── Provided records ──

text \<open>By translation invariance, the shift multiplies the integral by \<open>\<psi> w \<noteq> 1\<close>.\<close>
lemma airy_int_on_coset_eq_0_if_shift:
  assumes t0: "t0 \<in> intO v" and s: "val_ge (int k) s" and w: "\<psi> w \<noteq> 1"
    and shift: "\<And>t. t \<in> coset k t0 \<Longrightarrow>
      val_ge 0 (a * (t + s) ^ 3 + b * (t + s) - (a * t ^ 3 + b * t) - w)"
  shows "airy_int_on (coset k t0) a b = 0"
proof -
  obtain N where N: "N \<ge> k" "locally_const N (airy_phase a b)"
    using ex_locally_const_airy_phase by blast
  define g where "g = (\<lambda>t. indicator (coset k t0) t * airy_phase a b t)"
  have g: "locally_const N g"
    unfolding g_def using locally_const_mult[OF locally_const_indicator_coset[OF t0 N(1)] N(2)] .
  have phase_shift: "airy_phase a b (t + s) = \<psi> w * airy_phase a b t" if "t \<in> coset k t0" for t
  proof -
    have "val_ge 0 ((a * (t + s) ^ 3 + b * (t + s)) - ((a * t ^ 3 + b * t) + w))"
      using shift[OF that] by (simp add: algebra_simps)
    then have "\<psi> (a * (t + s) ^ 3 + b * (t + s)) = \<psi> ((a * t ^ 3 + b * t) + w)"
      by (rule psi_eq_if_diff_intO)
    then show ?thesis
      unfolding airy_phase_def by (simp add: psi_add mult.commute)
  qed
  have "riemann_O v g N = 0"
  proof (rule riemann_O_eq_0_if_translate_mult[OF g _ w])
    show "s \<in> intO v"
      using val_ge_mono[OF s] by (simp add: mem_intO_iff)
    show "g (t + s) = \<psi> w * g t" if "t \<in> intO v" for t
      using add_mem_coset_iff[OF t0 that s] phase_shift by (simp add: g_def indicator_def)
  qed
  then show ?thesis
    unfolding airy_int_on_def g_def[symmetric] using haar_int_O_eq_riemann_O[OF g] by simp
qed

lemma val_ge_cubic_shift:
  assumes t0: "t0 \<in> intO v" and t: "t \<in> coset k t0" and s: "val_ge \<delta> s"
    and "int k \<le> \<delta>" and linear: "0 \<le> v 3 + v a + int k + \<delta>" and cubic: "0 \<le> v a + 3 * \<delta>"
  shows "val_ge 0 (a * (t + s) ^ 3 + b * (t + s) - (a * t ^ 3 + b * t) - (3 * a * t0 ^ 2 + b) * s)"
proof -
  have t: "val_ge 0 t" "val_ge (int k) (t - t0)"
    using t t0 by (simp_all add: mem_coset_iff mem_intO_iff)
  have three_a: "val_ge (v 3 + v a) (3 * a)"
    using val_ge_mult[OF val_ge_self val_ge_self] .
  have "val_ge 0 (t + t0)"
    using val_ge_add t(1) t0 by (simp add: mem_intO_iff)
  then have "val_ge (v 3 + v a + int k + 0 + \<delta>) (3 * a * (t - t0) * (t + t0) * s)"
    using val_ge_mult[OF val_ge_mult[OF val_ge_mult[OF three_a t(2)]] s] by blast
  then have T1: "val_ge 0 (3 * a * (t - t0) * (t + t0) * s)"
    by (rule val_ge_mono) (use linear in simp)
  have "val_ge (v 3 + v a + 0 + int 2 * \<delta>) (3 * a * t * s ^ 2)"
    using val_ge_mult[OF val_ge_mult[OF three_a t(1)] val_ge_power[OF s]] .
  then have T2: "val_ge 0 (3 * a * t * s ^ 2)"
    by (rule val_ge_mono) (use linear assms(4) in simp)
  have "val_ge (v a + int 3 * \<delta>) (a * s ^ 3)"
    using val_ge_mult[OF val_ge_self val_ge_power[OF s]] .
  then have T3: "val_ge 0 (a * s ^ 3)"
    by (rule val_ge_mono) (use cubic in simp)
  have "a * (t + s) ^ 3 + b * (t + s) - (a * t ^ 3 + b * t) - (3 * a * t0 ^ 2 + b) * s
      = 3 * a * (t - t0) * (t + t0) * s + 3 * a * t * s ^ 2 + a * s ^ 3"
    by (simp add: algebra_simps power2_eq_square power3_eq_cube)
  then show ?thesis
    using val_ge_add[OF val_ge_add[OF T1 T2] T3] by simp
qed

text \<open>Shift by \<open>s = x / D\<close>, where \<open>D = 3 a t\<^sub>0\<^sup>2 + b\<close> is the derivative of the phase at \<open>t\<^sub>0\<close>
  and \<open>v x = -1\<close>, \<open>\<psi> x \<noteq> 1\<close>.\<close>
lemma airy_int_on_coset_eq_0:
  assumes t0: "t0 \<in> intO v" and D: "3 * a * t0 ^ 2 + b \<noteq> 0"
    and k: "int k + v (3 * a * t0 ^ 2 + b) + 1 \<le> 0"
    and linear: "v (3 * a * t0 ^ 2 + b) + 1 \<le> v 3 + v a + int k"
    and cubic: "3 * (v (3 * a * t0 ^ 2 + b) + 1) \<le> v a"
  shows "airy_int_on (coset k t0) a b = 0"
proof -
  obtain x where x: "x \<noteq> 0" "v x = -1" "\<psi> x \<noteq> 1"
    using psi_nontrivial by blast
  define s where "s = x / (3 * a * t0 ^ 2 + b)"
  have "v s = - v (3 * a * t0 ^ 2 + b) - 1"
    using v_divide[OF x(1) D] x(2) by (simp add: s_def)
  then have s: "val_ge (- v (3 * a * t0 ^ 2 + b) - 1) s"
    using val_ge_self by metis
  have x_eq: "(3 * a * t0 ^ 2 + b) * s = x"
    using D by (simp add: s_def)
  show ?thesis
  proof (rule airy_int_on_coset_eq_0_if_shift[OF t0 _ x(3)])
    show "val_ge (int k) s"
      using val_ge_mono[OF s] k by simp
    fix t
    assume "t \<in> coset k t0"
    then have "val_ge 0 (a * (t + s) ^ 3 + b * (t + s) - (a * t ^ 3 + b * t) - (3 * a * t0 ^ 2 + b) * s)"
      by (rule val_ge_cubic_shift[OF t0 _ s]) (use k linear cubic in \<open>simp_all add: algebra_simps\<close>)
    then show "val_ge 0 (a * (t + s) ^ 3 + b * (t + s) - (a * t ^ 3 + b * t) - x)"
      by (simp only: x_eq)
  qed
qed

lemma airy_int_on_units_O_eq_0:
  assumes D: "\<And>t. t \<in> units_O \<Longrightarrow> 3 * a * t ^ 2 + b \<noteq> 0 \<and> v (3 * a * t ^ 2 + b) = d"
    and "d \<le> -2" "d \<le> v 3 + v a" "3 * (d + 1) \<le> v a"
  shows "airy_int_on units_O a b = 0"
proof -
  have "airy_int_on C a b = 0" if "C \<in> residues 1" "C \<subseteq> units_O" for C
  proof -
    have "rep C \<in> units_O"
      using that residue_rep(1) by blast
    then have "airy_int_on (coset 1 (rep C)) a b = 0"
      using D assms(2-4) by (intro airy_int_on_coset_eq_0) (auto simp: units_O_def)
    then show ?thesis
      using residue_rep(2)[OF that(1)] by simp
  qed
  then show ?thesis
    using airy_int_on_units_O_eq_sum[of 1] by simp
qed


lemma airy_int_on_units_O_eq_0_if_a_dominant:
  assumes a: "a \<noteq> 0" and b: "b = 0 \<or> v 3 + v a < v b"
    and "v 3 + v a \<le> -2" "2 * v a + 3 * v 3 + 3 \<le> 0"
  shows "airy_int_on units_O a b = 0"
proof (rule airy_int_on_units_O_eq_0)
  fix t
  assume "t \<in> units_O"
  then have t: "3 * a * t ^ 2 \<noteq> 0" "v (3 * a * t ^ 2) = v 3 + v a"
    using v_cubic_derivative_at_unit[OF a] by simp_all
  show "3 * a * t ^ 2 + b \<noteq> 0 \<and> v (3 * a * t ^ 2 + b) = v 3 + v a"
  proof (cases "b = 0")
    case False
    then show ?thesis
      using v_add_eq_left[OF t(1) False] t(2) b by simp
  qed (use t in simp)
qed (use assms in auto)

lemma airy_int_on_units_O_eq_0_if_b_dominant:
  assumes a: "a \<noteq> 0" and b: "b \<noteq> 0" "v b < v 3 + v a"
    and "v b \<le> -2" "3 * v b + 3 \<le> v a"
  shows "airy_int_on units_O a b = 0"
proof (rule airy_int_on_units_O_eq_0)
  fix t
  assume "t \<in> units_O"
  then show "3 * a * t ^ 2 + b \<noteq> 0 \<and> v (3 * a * t ^ 2 + b) = v b"
    using v_cubic_derivative_at_unit[OF a] v_add_eq_left[OF b(1)] b(2) by (metis add.commute)
qed (use assms in auto)

section \<open>Vanishing and bounds\<close>

lemma airy_int_eq_0_if_v_b_lt_v_a:
  assumes "b \<noteq> 0" "v b < v a" "v b \<le> -1"
  shows "airy_int a b = 0"
  using airy_int_on_coset_eq_0[of 0 a b 0] assms v_three_nonneg coset_0[of 0] airy_int_on_intO
  by (simp add: mem_intO_iff)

───

● **Task to carry out**:
Go to the line with "0 \<or> v 3" in the entries above and repeat every line from there through the line with "using v_cubic_derivative_at_unit[OF a] by", exactly and with no other text.

● **Answer below**:
  assumes a: "a \<noteq> 0" and b: "b = 0 \<or> v 3 + v a < v b"
    and "v 3 + v a \<le> -2" "2 * v a + 3 * v 3 + 3 \<le> 0"
  shows "airy_int_on units_O a b = 0"
proof (rule airy_int_on_units_O_eq_0)
  fix t
  assume "t \<in> units_O"
  then have t: "3 * a * t ^ 2 \<noteq> 0" "v (3 * a * t ^ 2) = v 3 + v a"
    using v_cubic_derivative_at_unit[OF a] by simp_all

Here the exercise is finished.